Weather Forecasting Model: Architecture and Training Report

This report outlines the technical implementation of a multi-task Convolutional Neural Network (CNN) designed for 24-hour atmospheric forecasting using multi-year meteorological datasets (2018–2021).

1. Model Architecture

The model, WeatherCNN, uses a deep spatial feature extractor coupled with a multi-task prediction head.

Feature Extraction (Convolutional Layers)

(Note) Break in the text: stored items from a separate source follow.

(* Let $(A,B,Z,T)$ be a Hopf-Galois system over a field $k$, with structure maps $\alpha,\beta,\gamma,\delta,S$ as in the context. Then $Z$ is an $A$-$B$-biGalois extension, i.e. the linear maps $$\kappa_l=(1_A\otimes m_Z)\circ(\alpha\otimes 1_Z):Z\otimes Z\to A\otimes Z,\qquad \kappa_r=(m_Z\otimes 1_B)\circ(1_Z\otimes\beta):Z\otimes Z\to Z\otimes B$$ are both bijective.
   Context: All tensor products are over a field $k$; $m_X$, $u_X$ denote multiplication and unit of an algebra $X$, $\Delta_X,\varepsilon_X$ comultiplication and counit of a bialgebra $X$. A Hopf-Galois system consists of four non-zero $k$-algebras $(A,B,Z,T)$ such that: (HG1) $A$ and $B$ are bialgebras; (HG2) $Z$ is an $A$-$B$-bicomodule algebra, with left $A$-coaction $\alpha:Z\to A\otimes Z$ and right $B$-coaction $\beta:Z\to Z\otimes B$ (both algebra morphisms, commuting with each other); (HG3) there are algebra morphisms $\gamma:A\to Z\otimes T$ and $\delta:B\to T\otimes Z$ such that $(\gamma\otimes 1_Z)\circ\alpha=(1_Z\otimes\delta)\circ\beta$, $(\alpha\otimes 1_T)\circ\gamma=(1_A\otimes\gamma)\circ\Delta_A$, and $(1_T\otimes\beta)\circ\delta=(\delta\otimes 1_B)\circ\Delta_B$; (HG4) there is a linear map $S:T\to Z$ such that $m_Z\circ(1_Z\otimes S)\circ\gamma=u_Z\circ\varepsilon_A$ and $m_Z\circ(S\otimes 1_Z)\circ\delta=u_Z\circ\varepsilon_B$. *)

theory Defs
  imports Main
begin

text \<open>
Model: every vector space over the field 'k has a basis, so a k-vector space with basis
indexed by a type 'a is represented as the space of finitely supported functions
'a => 'k (the carrier fsupp).  The tensor product of the spaces with bases 'a and 'b is
the space with basis 'a * 'b; the tensor of vectors u, v is (x,y) |-> u x * v y.
Linear maps are functions on vectors which are linear on fsupp; all equations between
maps are required on fsupp.  The ground field k (as a 1-dimensional space) is 'k itself.
\<close>

definition fsupp :: "('a \<Rightarrow> 'k::zero) set" where
  "fsupp = {v. finite {x. v x \<noteq> 0}}"

definition vsupp :: "('a \<Rightarrow> 'k::zero) \<Rightarrow> 'a set" where
  "vsupp v = {x. v x \<noteq> 0}"

definition delta :: "'a \<Rightarrow> 'a \<Rightarrow> 'k::zero_neq_one" where
  "delta x = (\<lambda>y. if y = x then 1 else 0)"

definition vadd :: "('a \<Rightarrow> 'k::plus) \<Rightarrow> ('a \<Rightarrow> 'k) \<Rightarrow> 'a \<Rightarrow> 'k" where
  "vadd u v = (\<lambda>x. u x + v x)"

definition smult :: "'k::times \<Rightarrow> ('a \<Rightarrow> 'k) \<Rightarrow> 'a \<Rightarrow> 'k" where
  "smult c v = (\<lambda>x. c * v x)"

definition linmap :: "(('a \<Rightarrow> 'k::field) \<Rightarrow> ('b \<Rightarrow> 'k)) \<Rightarrow> bool" where
  "linmap F \<longleftrightarrow> (\<forall>v\<in>fsupp. F v \<in> fsupp)
     \<and> (\<forall>u\<in>fsupp. \<forall>v\<in>fsupp. F (vadd u v) = vadd (F u) (F v))
     \<and> (\<forall>c. \<forall>v\<in>fsupp. F (smult c v) = smult c (F v))"

definition linfun :: "(('a \<Rightarrow> 'k::field) \<Rightarrow> 'k) \<Rightarrow> bool" where
  "linfun f \<longleftrightarrow> (\<forall>u\<in>fsupp. \<forall>v\<in>fsupp. f (vadd u v) = f u + f v)
     \<and> (\<forall>c. \<forall>v\<in>fsupp. f (smult c v) = c * f v)"

definition lext :: "('a \<Rightarrow> 'b \<Rightarrow> 'k::comm_semiring_1) \<Rightarrow> ('a \<Rightarrow> 'k) \<Rightarrow> 'b \<Rightarrow> 'k" where
  "lext f v = (\<lambda>y. \<Sum>x\<in>vsupp v. v x * f x y)"

definition tens :: "('a \<Rightarrow> 'k::times) \<Rightarrow> ('b \<Rightarrow> 'k) \<Rightarrow> 'a \<times> 'b \<Rightarrow> 'k" where
  "tens u v = (\<lambda>(x, y). u x * v y)"

definition tmap :: "(('a \<Rightarrow> 'k) \<Rightarrow> ('c \<Rightarrow> 'k)) \<Rightarrow> (('b \<Rightarrow> 'k) \<Rightarrow> ('d \<Rightarrow> 'k))
    \<Rightarrow> ('a \<times> 'b \<Rightarrow> 'k::comm_semiring_1) \<Rightarrow> 'c \<times> 'd \<Rightarrow> 'k" where
  "tmap F G = lext (\<lambda>(x, y). tens (F (delta x)) (G (delta y)))"

definition tassoc :: "(('a \<times> 'b) \<times> 'c \<Rightarrow> 'k) \<Rightarrow> 'a \<times> ('b \<times> 'c) \<Rightarrow> 'k" where
  "tassoc w = (\<lambda>(a, (b, c)). w ((a, b), c))"

definition tunassoc :: "('a \<times> ('b \<times> 'c) \<Rightarrow> 'k) \<Rightarrow> ('a \<times> 'b) \<times> 'c \<Rightarrow> 'k" where
  "tunassoc w = (\<lambda>((a, b), c). w (a, (b, c)))"

text \<open>(f (x) 1) : X (x) Y -> k (x) Y = Y  and  (1 (x) f) : X (x) Y -> X (x) k = X
  for a linear functional f.\<close>
definition lcontr :: "(('a \<Rightarrow> 'k) \<Rightarrow> 'k) \<Rightarrow> ('a \<times> 'b \<Rightarrow> 'k::comm_semiring_1) \<Rightarrow> 'b \<Rightarrow> 'k" where
  "lcontr f = lext (\<lambda>(x, y). smult (f (delta x)) (delta y))"

definition rcontr :: "(('b \<Rightarrow> 'k) \<Rightarrow> 'k) \<Rightarrow> ('a \<times> 'b \<Rightarrow> 'k::comm_semiring_1) \<Rightarrow> 'a \<Rightarrow> 'k" where
  "rcontr f = lext (\<lambda>(x, y). smult (f (delta y)) (delta x))"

The backbone consists of sequential blocks designed to downsample spatial resolution while increasing feature depth:

Input Stage: Accepts a 42-channel tensor representing various atmospheric variables (e.g., temperature, pressure, wind).
Layer 1: ConvLayer (42 $\rightarrow$ 64 filters, $3 \times 3$ kernel) followed by BatchNorm2d and ReLU.
Pooling: MaxPool2d ($2 \times 2$ kernel, stride 2) reduces the spatial dimensions.
Layer 2: ConvLayer (64 $\rightarrow$ 128 filters, $3 \times 3$ kernel) followed by BatchNorm2d and ReLU.
Global Pooling: A second MaxPool2d layer further abstracts the spatial features.

Prediction Head (Fully Connected)

The model utilizes a LazyLinear layer in the FCLayer class. This allows the model to automatically infer the flattened input size from the convolutional backbone, outputting a 7-dimensional vector:

Indices 0–5: Continuous variables (Regression).
Index 6: Event probability (Classification).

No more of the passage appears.